Contributing Building | Running | Testing | File structure

Currently supported features Types and operations | Declarations | Expressions | Static code specification

Further information


Introduction

Overview

The verifier is implemented as a moc compiler feature. When moc --viper $FILE is invoked, the Motoko source code from $FILE is first translated into the Viper intermediate verification language (currently emitted into stdout) and then compiled. The generated Viper program can be submitted to the Viper tool. If the generated Viper program verifies, this implies that the Motoko source code respects the formal code specification, e.g., canister invariants, and that Viper established the corresponding formal proof of correctness.

Formal code specification

Formal code specifications are written as part of the Motoko source code. These specifications are static, i.e., they do not affect the canister's runtime behavior. If a Motoko canister is compiled with moc --viper, it may contain static code specifications defined via the following keywords (exp : Type below denotes an expression of type Type):

  • assert:invariant (exp : Bool); — actor-level invariant; must be ensured right after canister initialization and after every atomic block execution. May appear only at the level of actor members.
  • assert:1:async (exp : Bool); — an await async { ... } block may include this as the first statement; the intention is two-fold:
    • at most one instance of this code block can be pending execution.
    • specify that the property exp is intended to hold when this block execution begins.
    • require that the tool actually checks whether this assumption holds (given this actor's entire source code)
  • assert:system (exp : Bool); — a static assertion that asks the verifier to prove that the property exp holds. Useful while designing code-level canister specifications.
  • assert:loop:invariant (exp : Bool); — a loop invariant specifies that the property exp is intended to hold at the start and at the end of each iteration of a loop

Note: the above syntax is provisional. It has been used so far to avoid introducing breaking changes to the Motoko grammar. In the future, Motoko-san may switch to bespoke syntax for code specifications.
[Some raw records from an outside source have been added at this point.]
(* Let $G=(g_1,\dots,g_k)\in\mathbb{N}_0^k$ be telescopic with $g_1>0$ and $c(G)=(c_2,\dots,c_k)$, and let $1\le n\le m\le k$. Suppose $g_n$ is an $\mathbb{N}_0$-linear combination of the entries $g_i$ with $1\le i\le m$, $i\ne n$. Then either $g_n$ is an $\mathbb{N}_0$-linear combination of the entries $g_i$ with $1\le i\le m-1$, $i\ne n$, or $g_n=c_mg_m$.
   Context: $G_i=(g_1,\dots,g_i)$, $d_i=\gcd(G_i)$, $c_j=d_{j-1}/d_j$; $G$ is telescopic if $c_jg_j$ is an $\mathbb{N}_0$-linear combination of $g_1,\dots,g_{j-1}$ for all $2\le j\le k$. An empty $\mathbb{N}_0$-linear combination equals $0$. *)

theory Defs
  imports Main
begin

text \<open>A sequence G = (g_1,...,g_k) of nonnegative integers is modelled as a function
  g :: nat => nat together with its length k; only the values g 1, ..., g k matter.\<close>

definition dG :: "(nat \<Rightarrow> nat) \<Rightarrow> nat \<Rightarrow> nat" where
  "dG g i = Gcd (g ` {1..i})"

definition cG :: "(nat \<Rightarrow> nat) \<Rightarrow> nat \<Rightarrow> nat" where
  "cG g j = dG g (j - 1) div dG g j"

definition lincomb :: "(nat \<Rightarrow> nat) \<Rightarrow> nat set \<Rightarrow> nat \<Rightarrow> bool" where
  "lincomb g S x \<longleftrightarrow> (\<exists>a :: nat \<Rightarrow> nat. x = (\<Sum>i\<in>S. a i * g i))"

definition telescopic :: "(nat \<Rightarrow> nat) \<Rightarrow> nat \<Rightarrow> bool" where
  "telescopic g k \<longleftrightarrow> (\<forall>j\<in>{2..k}. lincomb g {1..j-1} (cG g j * g j))"

end

theory Submission
  imports Defs
begin

text \<open>Write \<open>g\<^sub>n = a g\<^sub>m + y\<close> with \<open>y\<close> a combination of the \<open>g\<^sub>i\<close>, \<open>i < m\<close>, \<open>i \<noteq> n\<close>.
  Since \<open>d\<^sub>m\<^sub>-\<^sub>1\<close> divides \<open>g\<^sub>n\<close> and \<open>y\<close>, it divides \<open>a g\<^sub>m\<close>, which forces \<open>a = q c\<^sub>m\<close>.
  Telescopicity writes \<open>c\<^sub>m g\<^sub>m = b g\<^sub>n + z\<close> with \<open>z\<close> again avoiding \<open>g\<^sub>n\<close> and \<open>g\<^sub>m\<close>, so
  \<open>g\<^sub>n = q b g\<^sub>n + q z + y\<close>. Either \<open>q b = 0\<close>, and \<open>g\<^sub>n = q z + y\<close> avoids \<open>g\<^sub>m\<close>, or
  \<open>q b \<ge> 1\<close>, which forces \<open>q = 1\<close>, \<open>y = 0\<close> and hence \<open>g\<^sub>n = c\<^sub>m g\<^sub>m\<close>.\<close>

lemma lincomb_zero: "lincomb g S 0"
  unfolding lincomb_def by (rule exI[of _ "\<lambda>_. 0"]) simp

lemma lincomb_add:
  assumes "lincomb g S x" and "lincomb g S y"
  shows "lincomb g S (x + y)"
proof -
  obtain a b where "x = (\<Sum>i\<in>S. a i * g i)" and "y = (\<Sum>i\<in>S. b i * g i)"
    using assms unfolding lincomb_def by blast
  then have "x + y = (\<Sum>i\<in>S. (a i + b i) * g i)"
    by (simp add: distrib_right sum.distrib)
  then show ?thesis unfolding lincomb_def by (rule exI[of _ "\<lambda>i. a i + b i"])
qed

lemma lincomb_mult:
  assumes "lincomb g S x"
  shows "lincomb g S (q * x)"
proof -
  obtain a where "x = (\<Sum>i\<in>S. a i * g i)" using assms unfolding lincomb_def by blast
  then have "q * x = (\<Sum>i\<in>S. (q * a i) * g i)"
    by (simp add: sum_distrib_left mult.assoc)
  then show ?thesis unfolding lincomb_def by (rule exI[of _ "\<lambda>i. q * a i"])
qed

lemma lincomb_insert_iff:
  assumes "finite S" and "m \<notin> S"
  shows "lincomb g (insert m S) x \<longleftrightarrow> (\<exists>a y. x = a * g m + y \<and> lincomb g S y)"
proof
  assume "lincomb g (insert m S) x"
  then obtain a where "x = (\<Sum>i\<in>insert m S. a i * g i)" unfolding lincomb_def by blast
  then have "x = a m * g m + (\<Sum>i\<in>S. a i * g i)" using assms by simp
  then show "\<exists>a y. x = a * g m + y \<and> lincomb g S y" unfolding lincomb_def by blast
next
  assume "\<exists>a y. x = a * g m + y \<and> lincomb g S y"
  then obtain a b where x: "x = a * g m + (\<Sum>i\<in>S. b i * g i)"
    unfolding lincomb_def by blast
  have "(\<Sum>i\<in>S. (b(m := a)) i * g i) = (\<Sum>i\<in>S. b i * g i)"
    using assms(2) by (intro sum.cong) auto
  then have "x = (\<Sum>i\<in>insert m S. (b(m := a)) i * g i)" using x assms by simp
  then show "lincomb g (insert m S) x" unfolding lincomb_def by blast
qed

lemma dG_dvd: "i \<in> {1..j} \<Longrightarrow> dG g j dvd g i"
  unfolding dG_def by (simp add: Gcd_dvd)

lemma dG_dvd_lincomb:
  assumes "S \<subseteq> {1..j}" and "lincomb g S x"
  shows "dG g j dvd x"
proof -
  obtain a where "x = (\<Sum>i\<in>S. a i * g i)" using assms(2) unfolding lincomb_def by blast
  moreover have "dG g j dvd a i * g i" if "i \<in> S" for i
    using that assms(1) dG_dvd by (meson dvd_mult subsetD)
  ultimately show ?thesis by (simp add: dvd_sum)
qed

lemma dG_rec: "1 \<le> m \<Longrightarrow> dG g m = gcd (dG g (m - 1)) (g m)"
proof -
  assume "1 \<le> m"
  then have "{1..m} = insert m {1..m - 1}" by auto
  then show ?thesis unfolding dG_def by (simp add: gcd.commute)
qed

lemma dG_pos: "0 < g 1 \<Longrightarrow> 1 \<le> j \<Longrightarrow> 0 < dG g j"
  using dG_dvd[of 1 j g] by (auto intro: gr0I)

lemma div_gcd_dvd_if_dvd_mult:
  fixes d x a :: nat
  assumes "d dvd a * x" and "d \<noteq> 0"
  shows "d div gcd d x dvd a"
proof -
  define e where "e = gcd d x"
  define c h where "c = d div e" and "h = x div e"
  have "e \<noteq> 0" unfolding e_def using assms(2) by simp
  have d: "d = c * e" and x: "x = h * e"
    unfolding c_def h_def e_def by simp_all
  have "coprime c h"
    unfolding c_def h_def e_def using assms(2) by (simp add: div_gcd_coprime)
  moreover have "c dvd a * h"
    using assms(1) \<open>e \<noteq> 0\<close> unfolding d x by (simp add: mult.assoc)
  ultimately have "c dvd a" by (simp add: coprime_dvd_mult_left_iff)
  then show ?thesis unfolding c_def h_def e_def .
qed

lemma cG_dvd_coeff:
  assumes "0 < g 1" and "2 \<le> m" and "dG g (m - 1) dvd a * g m"
  shows "cG g m dvd a"
proof -
  have "dG g (m - 1) \<noteq> 0" using dG_pos[of g "m - 1"] assms by simp
  with assms(3) have "dG g (m - 1) div gcd (dG g (m - 1)) (g m) dvd a"
    by (rule div_gcd_dvd_if_dvd_mult)
  then show ?thesis unfolding cG_def using assms(2) by (simp add: dG_rec)
qed

lemma lincomb_or_eq_of_exchange:
  assumes x: "x = a * u + y" and exchange: "c * u = b * x + z" and "c dvd a"
    and y: "lincomb g S y" and z: "lincomb g S z"
  shows "lincomb g S x \<or> x = c * u"
proof -
  obtain q where a: "a = q * c" using \<open>c dvd a\<close> by (metis dvdE mult.commute)
  have "x = q * (c * u) + y" using x a by (simp add: mult.assoc)
  also have "\<dots> = q * (b * x + z) + y" by (simp only: exchange)
  finally have x': "x = q * b * x + (q * z + y)" by (simp add: algebra_simps)
  show ?thesis
  proof (cases "q * b = 0")
    case True
    then have "q * b * x = 0" by simp
    then have "x = q * z + y" using x' by (simp only: add_0)
    then show ?thesis using lincomb_add[OF lincomb_mult[OF z] y] by simp
  next
    case False
    then have "x \<le> q * b * x" by simp
    with x' have "q * z + y = 0" by linarith
    with x' have "y = 0" "x = q * b * x" by simp_all
    show ?thesis
    proof (cases "x = 0")
      case True
      then show ?thesis using lincomb_zero by simp
    next
      case False
      then have "q = 1" using \<open>x = q * b * x\<close> by simp
      then show ?thesis using x a \<open>y = 0\<close> by simp
    qed
  qed
qed

theorem mainTheorem19:
  fixes g :: "nat \<Rightarrow> nat" and k n m :: nat
  assumes "telescopic g k" and "g 1 > 0"
    and "1 \<le> n" and "n \<le> m" and "m \<le> k"
    and "lincomb g ({1..m} - {n}) (g n)"
  shows "lincomb g ({1..m-1} - {n}) (g n) \<or> g n = cG g m * g m"
proof (cases "n = m")
  case True
  then have "{1..m} - {n} = {1..m-1} - {n}" by auto
  then show ?thesis using assms(6) by simp
next
  case False
  define S where "S = {1..m-1} - {n}"
  have S: "finite S" "n \<notin> S" "m \<notin> S" "S \<subseteq> {1..m-1}" and "2 \<le> m" "n \<in> {1..m-1}"
    using False assms(3,4) unfolding S_def by auto
  have "{1..m} - {n} = insert m S" "{1..m-1} = insert n S"
    using False assms(3,4) unfolding S_def by auto
  then obtain a y where gn: "g n = a * g m + y" and y: "lincomb g S y"
    using assms(6) lincomb_insert_iff[OF S(1,3)] by auto
  have "lincomb g {1..m-1} (cG g m * g m)"
    using assms(1,5) \<open>2 \<le> m\<close> unfolding telescopic_def by simp
  then have "lincomb g (insert n S) (cG g m * g m)"
    using \<open>{1..m-1} = insert n S\<close> by simp
  then obtain b z where "cG g m * g m = b * g n + z" and z: "lincomb g S z"
    using lincomb_insert_iff[OF S(1,2)] by auto
  moreover have "cG g m dvd a"
  proof (rule cG_dvd_coeff[of g m a, OF assms(2) \<open>2 \<le> m\<close>])
    have "dG g (m - 1) dvd g n" "dG g (m - 1) dvd y"
      using dG_dvd[OF \<open>n \<in> {1..m-1}\<close>] dG_dvd_lincomb[OF S(4) y] by simp_all
    then show "dG g (m - 1) dvd a * g m" using gn by (simp add: dvd_add_left_iff)
  qed
  ultimately show ?thesis using lincomb_or_eq_of_exchange[OF gn _ _ y z] unfolding S_def by blast
qed

end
Static vs. dynamic assertions

The expression assert <exp> (which is already available in Motoko proper) means a dynamic assertion, i.e., a runtime check of the Boolean condition <exp>. Note, however, that adding an assert <exp> expression (for some Boolean expression <exp>) affects the static verification of the canister. Concretely, the verifier will take for granted that <exp> holds after this statement (since any execution violating this assumption would trap).

Testing vs. formal verification

Dynamic assertions can also be used for testing. Of course, the downside of testing is that if is typically not feasible to test against all possible scenarios; the untested scenarios can be exploited by an attacker. In contrast, formal verification relies on statically known information to prove the absence of attacks.

Precondition of public functions

In particular, dynamic assertions are very useful for specifying preconditions of an actor's public functions (i.e., functions exposed in the Candid API configuration). Since such functions can be invoked by anyone; the identity of the caller is statically unknown. It is thus necessary to check all of the assumptions at runtime, by writing assert <exp>(here, <exp> denotes some Bool expression representing a function's precondition). Conversely, writing assert:system <exp> at the top of a public function will never verify because Motoko-san has zero knowledge about the caller.

Examples

To get a better idea about how code-level specifications help formalize what a Motoko canister is intended to do, please refer to the examples in moc/test/viper.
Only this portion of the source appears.